John doesn't say any more. He just flips open the laptop, clicks and taps around for a few seconds, and then puts it down on the bed in front of her.

It's Meredith. Looking tired and a little pale and a lot frightened, and he's telling her that he's sorry about some things, and he's telling her that family is important.

He also says that he's found family on Atlantis.

It's not quite the apology she was hoping for. For one thing, this is from a year ago and even after he clearly survived, even after his epiphany or whatever it was, he still never called her. Never once. Not for Christmas, not for her birthday. He never sent a two note message saying he was fine and alive and all this time, he could have been dead.

She gets what John is trying to tell her. She's not stupid and unlike her brother, she does just fine with people. She knows that he's trying to tell her that Rodney is accepted here, which is sometimes far more important than being liked, that he's important, that he does great things, brave things, and that maybe one of the things he does is going to get him killed.

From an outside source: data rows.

text \<open>Compatibility gives \<open>a\<^sup>-\<^sup>1 y = y\<^sup>-\<^sup>1 a\<close>, so \<open>e y = e a (a\<^sup>-\<^sup>1 y) = (e a y\<^sup>-\<^sup>1) a \<le> a\<close>
  whenever \<open>e \<le> a a\<^sup>-\<^sup>1\<close>.\<close>
lemma mult_nat_le_if_compatible:
  assumes "nat_le (e::'a) (a * sinv a)" and "compatible a y"
  shows "nat_le (e * y) a"
proof -
  obtain f where f: "idem f" "e = f * (a * sinv a)" using assms(1) unfolding nat_le_def by blast
  have ie: "idem e" using idem_nat_le_idem[OF assms(1) idem_mult_sinv] .
  have c1: "idem (sinv a * y)" and c2: "idem (a * sinv y)"
    using assms(2) unfolding compatible_def by auto
  have ay: "sinv a * y = sinv y * a"
    using sinv_idem[OF c1] by (simp add: sinv_mult sinv_sinv)
  have "e * y = e * (a * sinv a) * y"
    using f idem_mult_sinv[of a] by (simp add: idem_def mult.assoc)
  also have "\<dots> = (e * (a * sinv y)) * a"
    by (simp add: mult.assoc ay[symmetric])
  finally show ?thesis unfolding nat_le_def using idem_mult[OF ie c2] by blast
qed

lemma DS_subset_imp_nat_le:
  assumes X: "X \<in> DS TYPE('a)" and Y: "Y \<in> DS TYPE('a)" and "X \<subseteq> Y"
  shows "nat_le_on (DS TYPE('a)) set_mult X Y"
proof -
  obtain A where A: "X = down A" "finite A" "\<forall>a\<in>A. \<forall>b\<in>A. compatible (a::'a) b"
    using X unfolding DS_iff by blast
  define E where "E = down ((\<lambda>a. a * sinv a) ` A)"
  have idem_E: "idem e" if "e \<in> E" for e
    using that idem_nat_le_idem idem_mult_sinv unfolding E_def down_def by blast
  have "E \<in> DS TYPE('a)"
    unfolding DS_iff E_def using A(2) compatible_idem idem_mult_sinv by blast
  moreover have "set_mult E E = E"
  proof
    show "set_mult E E \<subseteq> E"
    proof
      fix z assume "z \<in> set_mult E E"
      then obtain e f where "e \<in> E" "f \<in> E" "z = f * e" unfolding set_mult_def by blast
      then have "nat_le z e" using idem_E idem_mult_nat_le by blast
      then show "z \<in> E" using down_closed \<open>e \<in> E\<close> unfolding E_def by blast
    qed
    show "E \<subseteq> set_mult E E"
    proof
      fix e assume "e \<in> E"
      then have "e = e * e" using idem_E unfolding idem_def by simp
      with \<open>e \<in> E\<close> show "e \<in> set_mult E E" unfolding set_mult_def by blast
    qed
  qed
  moreover have "X = set_mult E Y"
  proof
    show "X \<subseteq> set_mult E Y"
    proof
      fix x assume x: "x \<in> X"
      then obtain a where "a \<in> A" "nat_le x a" using A(1) unfolding down_def by blast
      then have "x * sinv x \<in> E" unfolding E_def down_def using nat_le_mult_sinv by blast
      moreover have "x = x * sinv x * x" by (simp add: mult_sinv_mult)
      ultimately show "x \<in> set_mult E Y"
        using x \<open>X \<subseteq> Y\<close> unfolding set_mult_def by blast
    qed
    show "set_mult E Y \<subseteq> X"
    proof
      fix z assume "z \<in> set_mult E Y"
      then obtain e y where ey: "e \<in> E" "y \<in> Y" "z = e * y" unfolding set_mult_def by blast
      then obtain a where a: "a \<in> A" "nat_le e (a * sinv a)" unfolding E_def down_def by blast
      have "a \<in> Y" using a(1) A(1) subset_down \<open>X \<subseteq> Y\<close> by blast
      then have "compatible a y" using DS_compatible[OF Y _ ey(2)] by simp
      then have "nat_le z a"
        using mult_nat_le_if_compatible[OF a(2)] ey(3) by simp
      then show "z \<in> X" using A(1) a(1) unfolding down_def by blast
    qed
  qed
  ultimately show ?thesis unfolding nat_le_on_def by blast
qed

lemma DS_nat_le_iff:
  "X \<in> DS TYPE('a) \<Longrightarrow> Y \<in> DS TYPE('a) \<Longrightarrow> nat_le_on (DS TYPE('a)) set_mult X Y \<longleftrightarrow> X \<subseteq> Y"
  using DS_nat_le_imp_subset DS_subset_imp_nat_le by blast

lemma wedge_semigroup_on_DS_iff:
  "wedge_semigroup_on (DS TYPE('a)) set_mult \<longleftrightarrow>
     (\<forall>X\<in>DS TYPE('a). \<forall>Y\<in>DS TYPE('a). \<exists>Z. is_subset_meet (DS TYPE('a)) X Y Z)"
proof -
  have "(\<exists>Z\<in>DS TYPE('a). nat_le_on (DS TYPE('a)) set_mult Z X \<and> nat_le_on (DS TYPE('a)) set_mult Z Y \<and>
          (\<forall>W\<in>DS TYPE('a). nat_le_on (DS TYPE('a)) set_mult W X \<and> nat_le_on (DS TYPE('a)) set_mult W Y
             \<longrightarrow> nat_le_on (DS TYPE('a)) set_mult W Z))
        \<longleftrightarrow> (\<exists>Z. is_subset_meet (DS TYPE('a)) X Y Z)"
    if "X \<in> DS TYPE('a)" "Y \<in> DS TYPE('a)" for X Y
    using that unfolding is_subset_meet_def by (auto simp: DS_nat_le_iff)
  then show ?thesis unfolding wedge_semigroup_on_def by simp
qed

subsection \<open>Meets in \<open>\<D>(S)\<close>\<close>

lemma down_UN: "down (\<Union>i\<in>I. A i) = (\<Union>i\<in>I. down (A i :: 'a set))"
  unfolding down_def by blast

lemma down_eq_UN_singleton: "down A = (\<Union>a\<in>A. down {a::'a})"
  unfolding down_def by blast

lemma down_Int_down_finite:
  assumes "weak_semilattice TYPE('a)" and "finite A" and "finite (B::'a set)"
  shows "\<exists>G. finite G \<and> down A \<inter> down B = down G"
proof -
  define F where "F a b = (SOME F. finite F \<and> down {a} \<inter> down {b} = down F)" for a b :: 'a
  have "finite (F a b) \<and> down {a} \<inter> down {b} = down (F a b)" for a b
    unfolding F_def
    by (rule someI_ex) (use assms(1) in \<open>simp add: weak_semilattice_def\<close>)
  then have F: "finite (F a b)" "down {a} \<inter> down {b} = down (F a b)" for a b
    by simp_all
  have "down A \<inter> down B = (\<Union>a\<in>A. \<Union>b\<in>B. down {a} \<inter> down {b})"
    by (subst (1 2) down_eq_UN_singleton) blast
  also have "\<dots> = down (\<Union>a\<in>A. \<Union>b\<in>B. F a b)"
    by (simp only: F(2) down_UN)
  finally have "down A \<inter> down B = down (\<Union>a\<in>A. \<Union>b\<in>B. F a b)" .
  moreover have "finite (\<Union>a\<in>A. \<Union>b\<in>B. F a b)"
    using assms(2,3) F(1) by simp
  ultimately show ?thesis by blast
qed

lemma DS_Int_closed:
  assumes "weak_semilattice TYPE('a)" and X: "X \<in> DS TYPE('a)" and Y: "Y \<in> DS TYPE('a)"
  shows "X \<inter> Y \<in> DS TYPE('a)"
proof -
  obtain A :: "'a set" where "X = down A" "finite A" using X unfolding DS_iff by blast
  moreover obtain B :: "'a set" where "Y = down B" "finite B" using Y unfolding DS_iff by blast
  ultimately obtain G where G: "finite G" "X \<inter> Y = down G"
    using down_Int_down_finite[OF assms(1)] by metis
  have "\<forall>a\<in>G. \<forall>b\<in>G. compatible a b"
    using G(2) subset_down DS_compatible[OF X] by blast
  with G show ?thesis unfolding DS_iff by blast
qed

lemma DS_meet_of_principal:
  assumes "is_subset_meet (DS TYPE('a)) (down {a::'a}) (down {b}) Z"
  shows "Z = down {a} \<inter> down {b}"
proof
  have "Z \<subseteq> down {a}" "Z \<subseteq> down {b}"
    and greatest: "\<And>W. W \<in> DS TYPE('a) \<Longrightarrow> W \<subseteq> down {a} \<Longrightarrow> W \<subseteq> down {b} \<Longrightarrow> W \<subseteq> Z"
    using assms unfolding is_subset_meet_def by auto
  then show "Z \<subseteq> down {a} \<inter> down {b}" by blast
  show "down {a} \<inter> down {b} \<subseteq> Z"
  proof
    fix s assume "s \<in> down {a} \<inter> down {b}"
    then have "down {s} \<subseteq> Z"
      using greatest[OF down_singleton_in_DS] by (simp add: down_singleton_subset_iff)
    then show "s \<in> Z" using subset_down by blast
  qed
qed

end


theorem lemma1p16:
  assumes "inverse_semigroup TYPE('a::semigroup_mult)"
  shows "weak_semilattice TYPE('a) \<longleftrightarrow> wedge_semigroup_on (DS TYPE('a)) set_mult"
proof -
  interpret inv_semigroup using assms by unfold_locales
  show ?thesis
    unfolding wedge_semigroup_on_DS_iff
  proof (intro iffI ballI)
    fix X Y assume "weak_semilattice TYPE('a)" "X \<in> DS TYPE('a)" "Y \<in> DS TYPE('a)"
    then have "X \<inter> Y \<in> DS TYPE('a)" by (rule DS_Int_closed)
    then show "\<exists>Z. is_subset_meet (DS TYPE('a)) X Y Z" by (blast intro: is_subset_meet_Int)
  next
    assume meets: "\<forall>X\<in>DS TYPE('a). \<forall>Y\<in>DS TYPE('a). \<exists>Z. is_subset_meet (DS TYPE('a)) X Y Z"
    have "down {a} \<inter> down {b} \<in> DS TYPE('a)" for a b :: 'a
    proof -
      obtain Z where Z: "is_subset_meet (DS TYPE('a)) (down {a}) (down {b}) Z"
        using meets down_singleton_in_DS by meson
      then have "Z \<in> DS TYPE('a)" unfolding is_subset_meet_def by blast
      then show ?thesis using DS_meet_of_principal[OF Z] by simp
    qed
    then show "weak_semilattice TYPE('a)"
      unfolding weak_semilattice_def DS_iff by metis
  qed
qed

end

A part of her is suddenly so glad that the three people who laughed at Rodney for his embarrassing childhood tics and traumas were not actually doing so out of spite. At least one person cares a little because John is right there, sitting comfortably in a chair beside her bed and showing her private recordings that Rodney made for her a year ago.

She's glad of that, at least.

"When did he record this?" she asks.

And John gives her a less than satisfactory answer but Meredith comes in at that point, so she's pretty sure she could just wheedle it out of her big brother instead.

Having him ask her if she is happy becomes one of the nicest moments of the past four years. Even if she intends to never ever tell him that.